14. Apparatus according to claim 13 and comprising a layer of a biocompatible material overlaying the aperture that promotes vascularization of tissue in close proximity to the aperture and wherein the region comprises the vascularized tissue.

15. Apparatus according to claim 14 wherein vascularization is promoted at distances from the aperture that are less than an extinction length for light at the at least one wavelength.

16. Apparatus according to claim 13 or claim 15 wherein the capsule comprises a receiver for receiving energy to power the at least one light source.

17. Apparatus according to claim 16 wherein the receiver comprises an antenna for receiving electromagnetic energy.

18. Apparatus according to claim 17 and comprising a transmitter external to the body that transmits electromagnetic energy to the antenna.

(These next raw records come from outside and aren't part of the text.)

lemma sierp_bridge_unique:
  assumes "sierp_bridge n u w" "sierp_bridge n u w'"
    and len: "length u = n" "length w = n" "length w' = n"
  shows "w = w'"
proof -
  obtain h where h: "h < n - 1" "u ! h \<noteq> u ! (n - 1)" "\<forall>t. h < t \<and> t < n - 1 \<longrightarrow> u ! t = u ! (n - 1)"
      "\<forall>t < n. w ! t = (if t < h then u ! t else if t = h then u ! (n - 1) else u ! h)"
    using sierp_bridgeD[OF assms(1) len(1,2)] by blast
  obtain h' where h': "h' < n - 1" "u ! h' \<noteq> u ! (n - 1)" "\<forall>t. h' < t \<and> t < n - 1 \<longrightarrow> u ! t = u ! (n - 1)"
      "\<forall>t < n. w' ! t = (if t < h' then u ! t else if t = h' then u ! (n - 1) else u ! h')"
    using sierp_bridgeD[OF assms(2) len(1,3)] by blast
  \<comment> \<open>\<open>h\<close> is the last position where \<open>u\<close> differs from its last letter, so it is determined by \<open>u\<close>.\<close>
  have "h = h'"
  proof (rule linorder_cases)
    assume "h < h'"
    then show ?thesis using h(3) h'(1,2) by simp
  next
    assume "h' < h"
    then show ?thesis using h'(3) h(1,2) by simp
  qed
  then show ?thesis
    using h(4) h'(4) len by (simp add: list_eq_iff_nth_eq)
qed

lemma sierp_bridge_unique_between_cliques:
  assumes "sierp_bridge n u w" "sierp_bridge n u' w'"
    and len: "length u = n" "length w = n" "length u' = n" "length w' = n"
    and cliques: "butlast u' = butlast u" "butlast w' = butlast w"
  shows "u' = u"
proof -
  obtain h where h: "h < n - 1" "u ! h \<noteq> u ! (n - 1)"
      "\<forall>t < n. w ! t = (if t < h then u ! t else if t = h then u ! (n - 1) else u ! h)"
    using sierp_bridgeD[OF assms(1) len(1,2)] by blast
  obtain h' where h': "h' < n - 1" "u' ! h' \<noteq> u' ! (n - 1)"
      "\<forall>t < n. w' ! t = (if t < h' then u' ! t else if t = h' then u' ! (n - 1) else u' ! h')"
    using sierp_bridgeD[OF assms(2) len(3,4)] by blast
  have u: "\<forall>t < n - 1. u' ! t = u ! t" and w: "\<forall>t < n - 1. w' ! t = w ! t"
    using cliques len butlast_eq_iff_nth by blast+
  have "h = h'"
  proof (rule linorder_cases)
    assume "h < h'"
    then have "w' ! h = u' ! h" "w ! h = u ! (n - 1)" using h(1,3) h'(1,3) by simp_all
    then show ?thesis using h(1,2) u w by simp
  next
    assume "h' < h"
    then have "w ! h' = u ! h'" "w' ! h' = u' ! (n - 1)" using h(1,3) h'(1,3) by simp_all
    then show ?thesis using h'(1,2) u w by simp
  qed
  then have "u' ! (n - 1) = w' ! h" using h'(1,3) by simp
  also have "\<dots> = w ! h" using h(1) w by simp
  also have "\<dots> = u ! (n - 1)" using h(1,3) by simp
  finally have "u' ! (n - 1) = u ! (n - 1)" .
  moreover have "n \<ge> 1" using h by simp
  ultimately show ?thesis
    using cliques(1) len eq_iff_butlast_eq_and_last by blast
qed

lemma sierp_not_bridge_replicate:
  assumes "length w = n"
  shows "\<not> sierp_bridge n (replicate n c) w"
proof
  assume "sierp_bridge n (replicate n c) w"
  then obtain h where "h < n - 1" "replicate n c ! h \<noteq> replicate n c ! (n - 1)"
    using sierp_bridgeD assms by (metis length_replicate)
  then show False by simp
qed

lemma sierp_bridge_exists:
  assumes u: "u \<in> sierp_V p n" and nonconst: "\<forall>c. u \<noteq> replicate n c"
  obtains w where "w \<in> sierp_V p n" "sierp_bridge n u w"
proof -
  have len: "length u = n" using u by (rule sierp_V_length)
  define c where "c = u ! (n - 1)"
  define I where "I = {i. i < n \<and> u ! i \<noteq> c}"
  define h where "h = Max I"
  have "I \<noteq> {}"
    using nonconst len by (auto simp: I_def list_eq_iff_nth_eq)
  moreover have "finite I" by (simp add: I_def)
  ultimately have "h \<in> I" "\<forall>t\<in>I. t \<le> h" by (simp_all add: h_def)
  then have h: "h < n" "u ! h \<noteq> c" and after_h: "\<forall>t. h < t \<and> t < n \<longrightarrow> u ! t = c"
    by (auto simp: I_def leD)
  have "h \<noteq> n - 1" using h(2) by (auto simp: c_def)
  then have h_lt: "h < n - 1" using h(1) by simp
  define w where "w = map (\<lambda>t. if t < h then u ! t else if t = h then c else u ! h) [0..<n]"
  have w: "length w = n" "\<forall>t<n. w ! t = (if t < h then u ! t else if t = h then c else u ! h)"
    by (simp_all add: w_def)
  have "set w \<subseteq> set u"
    using h len by (auto simp: w_def c_def)
  then have "w \<in> sierp_V p n"
    using u w(1) by (auto simp: sierp_V_def)
  moreover have "sierp_adj n u w"
    unfolding sierp_adj_def using h after_h w by (intro exI[of _ h]) auto
  moreover have "butlast u \<noteq> butlast w"
    using butlast_eq_iff_nth[OF len w(1)] h_lt h(2) w(2) by auto
  ultimately show thesis
    by (intro that) (auto simp: sierp_bridge_def)
qed

lemma sierp_mates_exist:
  assumes p: "p \<ge> 3" and x: "x \<in> sierp_V p n" and n: "n \<ge> 1"
  obtains a b where "a \<in> sierp_V p n" "b \<in> sierp_V p n"
    "butlast a = butlast x" "butlast b = butlast x" "distinct [x, a, b]"
proof -
  have x_ne: "x \<noteq> []" using x n by (auto simp: sierp_V_def)
  have "last x \<in> set x" using x_ne by simp
  then have l: "last x < p" using x by (auto simp: sierp_V_def)
  define a where "a = butlast x @ [(last x + 1) mod p]"
  define b where "b = butlast x @ [(last x + 2) mod p]"
  have "set (butlast x) \<subseteq> {0..<p}" using x in_set_butlastD by (fastforce simp: sierp_V_def)
  then have "a \<in> sierp_V p n" "b \<in> sierp_V p n"
    using x x_ne p unfolding a_def b_def sierp_V_def by auto
  moreover have "last a \<noteq> last x" "last b \<noteq> last x" "last a \<noteq> last b"
    using l p by (auto simp: a_def b_def mod_if)
  then have "distinct [x, a, b]" by auto
  moreover have "butlast a = butlast x" "butlast b = butlast x" by (simp_all add: a_def b_def)
  ultimately show thesis using that by blast
qed

lemma sierp_nonconst_mate_exists:
  assumes p: "p \<ge> 3" and x: "x \<in> sierp_V p n" and nonconst: "\<forall>c. x \<noteq> replicate n c"
  obtains a where "a \<in> sierp_V p n" "butlast a = butlast x" "a \<noteq> x" "\<forall>c. a \<noteq> replicate n c"
proof -
  have len: "length x = n" using x by (rule sierp_V_length)
  have n: "n \<ge> 2"
  proof (rule ccontr)
    assume "\<not> n \<ge> 2"
    then have "\<forall>i<n. i = 0" by auto
    then have "x = replicate n (x ! 0)"
      using len by (auto simp: list_eq_iff_nth_eq)
    then show False using nonconst by blast
  qed
  obtain a b where ab: "a \<in> sierp_V p n" "b \<in> sierp_V p n"
      "butlast a = butlast x" "butlast b = butlast x" "distinct [x, a, b]"
    using sierp_mates_exist[OF p x] n by auto
  \<comment> \<open>Two distinct constant words differ already in their first letter, hence in their butlast.\<close>
  have "\<not> ((\<exists>c. a = replicate n c) \<and> (\<exists>c. b = replicate n c))"
  proof
    assume "(\<exists>c. a = replicate n c) \<and> (\<exists>c. b = replicate n c)"
    moreover have "butlast a ! 0 = butlast b ! 0" using ab by simp
    ultimately have "a = b" using n by (auto simp: nth_butlast)
    then show False using ab by simp
  qed
  then show thesis
    using ab that by auto
qed

lemma sierp_common_neighbour_cases:
  assumes "sierp_adj n u w" "sierp_adj n w v" "butlast u \<noteq> butlast v"
    and len: "length u = n" "length v = n" "length w = n"
  shows "butlast w = butlast u \<and> sierp_bridge n w v \<or> butlast w = butlast v \<and> sierp_bridge n w u"
proof (rule ccontr)
  assume "\<not> ?thesis"
  with assms have "sierp_bridge n w u" "sierp_bridge n w v"
    by (auto simp: sierp_bridge_def intro: sierp_adj_sym)
  then have "u = v" using sierp_bridge_unique len by blast
  then show False using assms by simp
qed

lemma sierp_shortest_path_mate_bridge:
  assumes V: "a \<in> sierp_V p n" "x \<in> sierp_V p n" "y \<in> sierp_V p n"
    and mate: "butlast a = butlast x" "a \<noteq> x" and bridge: "sierp_bridge n x y"
  shows "is_shortest_path (sierp_V p n) (sierp_adj n) a y [a, x, y]"
proof -
  have len: "length a = n" "length x = n" "length y = n" using V by (simp_all add: sierp_V_length)
  have "\<not> sierp_adj n a y"
  proof
    assume "sierp_adj n a y"
    then have "sierp_bridge n y a" "sierp_bridge n y x"
      using mate bridge by (auto simp: sierp_bridge_def intro: sierp_adj_sym)
    then show False using len mate(2) sierp_bridge_unique by blast
  qed
  then show ?thesis
    using V len mate bridge
    by (intro is_shortest_path_3I) (auto simp: sierp_bridge_def sierp_adj_irrefl sierp_adj_if_butlast_eq)
qed

lemma sierp_shortest_path_mate_bridge_mate:
  assumes V: "a \<in> sierp_V p n" "x \<in> sierp_V p n" "y \<in> sierp_V p n" "c \<in> sierp_V p n"
    and mate_a: "butlast a = butlast x" "a \<noteq> x" and bridge: "sierp_bridge n x y"
    and mate_c: "butlast c = butlast y" "c \<noteq> y"
  shows "is_shortest_path (sierp_V p n) (sierp_adj n) a c [a, x, y, c]"
proof -
  have len: "length a = n" "length x = n" "length y = n" "length c = n"
    using V by (simp_all add: sierp_V_length)
  have cliques: "butlast a \<noteq> butlast c" using mate_a mate_c bridge by (simp add: sierp_bridge_def)
  have "\<not> sierp_adj n a c"
  proof
    assume "sierp_adj n a c"
    then have "sierp_bridge n a c" using cliques by (simp add: sierp_bridge_def)
    then show False
      using sierp_bridge_unique_between_cliques[OF bridge] len mate_a mate_c by blast
  qed
  moreover have False if w: "w \<in> sierp_V p n" "sierp_adj n a w" "sierp_adj n w c" for w
  proof -
    have "length w = n" using w(1) by (rule sierp_V_length)
    then consider "butlast w = butlast a" "sierp_bridge n w c" | "butlast w = butlast c" "sierp_bridge n w a"
      using sierp_common_neighbour_cases w(2,3) cliques len by blast
    then show False
    proof cases
      case 1
      then have "c = y"
        using sierp_bridge_unique_between_cliques[OF sierp_bridge_sym[OF bridge] sierp_bridge_sym]
          len \<open>length w = n\<close> mate_a mate_c by metis
      then show False using mate_c by simp
    next
      case 2
      then have "a = x"
        using sierp_bridge_unique_between_cliques[OF bridge sierp_bridge_sym]
          len \<open>length w = n\<close> mate_a mate_c by metis
      then show False using mate_a by simp
    qed
  qed
  ultimately show ?thesis
    using V len mate_a mate_c bridge cliques
    by (intro is_shortest_path_4I)
      (auto simp: sierp_bridge_def sierp_adj_irrefl sierp_adj_if_butlast_eq intro: sierp_adj_sym)
qed

lemma sierp_shortest_path_bridge_mate_bridge:
  assumes V: "y \<in> sierp_V p n" "x \<in> sierp_V p n" "a \<in> sierp_V p n" "z \<in> sierp_V p n"
    and bridge_x: "sierp_bridge n x y" and mate: "butlast a = butlast x" "a \<noteq> x"
    and bridge_a: "sierp_bridge n a z"
  shows "is_shortest_path (sierp_V p n) (sierp_adj n) y z [y, x, a, z]"
proof -
  have len: "length y = n" "length x = n" "length a = n" "length z = n"
    using V by (simp_all add: sierp_V_length)
  have cliques: "butlast y \<noteq> butlast z"
    using sierp_bridge_unique_between_cliques[OF bridge_x bridge_a] len mate by metis
  have "\<not> sierp_adj n y z"
  proof
    assume "sierp_adj n y z"
    then have "sierp_bridge n y z" using cliques by (simp add: sierp_bridge_def)
    then have "z = x" using sierp_bridge_unique sierp_bridge_sym[OF bridge_x] len by blast
    then show False using bridge_a mate by (simp add: sierp_bridge_def)
  qed
  moreover have False if w: "w \<in> sierp_V p n" "sierp_adj n y w" "sierp_adj n w z" for w
  proof -
    have "length w = n" using w(1) by (rule sierp_V_length)
    then consider "butlast w = butlast y" "sierp_bridge n w z" | "butlast w = butlast z" "sierp_bridge n w y"
      using sierp_common_neighbour_cases w(2,3) cliques len by blast
    then show False
    proof cases
      case 1
      then have "w = a"
        using sierp_bridge_unique sierp_bridge_sym[OF bridge_a] sierp_bridge_sym len \<open>length w = n\<close>
        by metis
      then show False using 1 mate bridge_x by (simp add: sierp_bridge_def)
    next
      case 2
      then have "w = x"
        using sierp_bridge_unique sierp_bridge_sym[OF bridge_x] sierp_bridge_sym len \<open>length w = n\<close>
        by metis
      then show False using 2 mate bridge_a by (simp add: sierp_bridge_def)
    qed
  qed
  ultimately show ?thesis
    using V len mate bridge_x bridge_a cliques
    by (intro is_shortest_path_4I)
      (auto simp: sierp_bridge_def sierp_adj_irrefl sierp_adj_if_butlast_eq intro: sierp_adj_sym)
qed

19. Apparatus according to any of claims 16-18 wherein the receiver comprises an acoustic transducer for receiving acoustic energy.

20. Apparatus according to claim 19 and comprising an acoustic transmitter external to the body that transmits acoustic energy to the acoustic transducer comprised in the receiver.

21. Apparatus according to any of the preceding claims wherein the analyte is glucose.

22. Apparatus according to any of the preceding claims wherein the at least one wavelength comprises a wavelength equal to about 9.66 microns.

23. Apparatus according to any of the preceding claims wherein the at least one wavelength comprises a wavelength equal to about 9.02 microns.

24. Apparatus according to any of the preceding claims wherein the at least one wavelength comprises a plurality of wavelengths.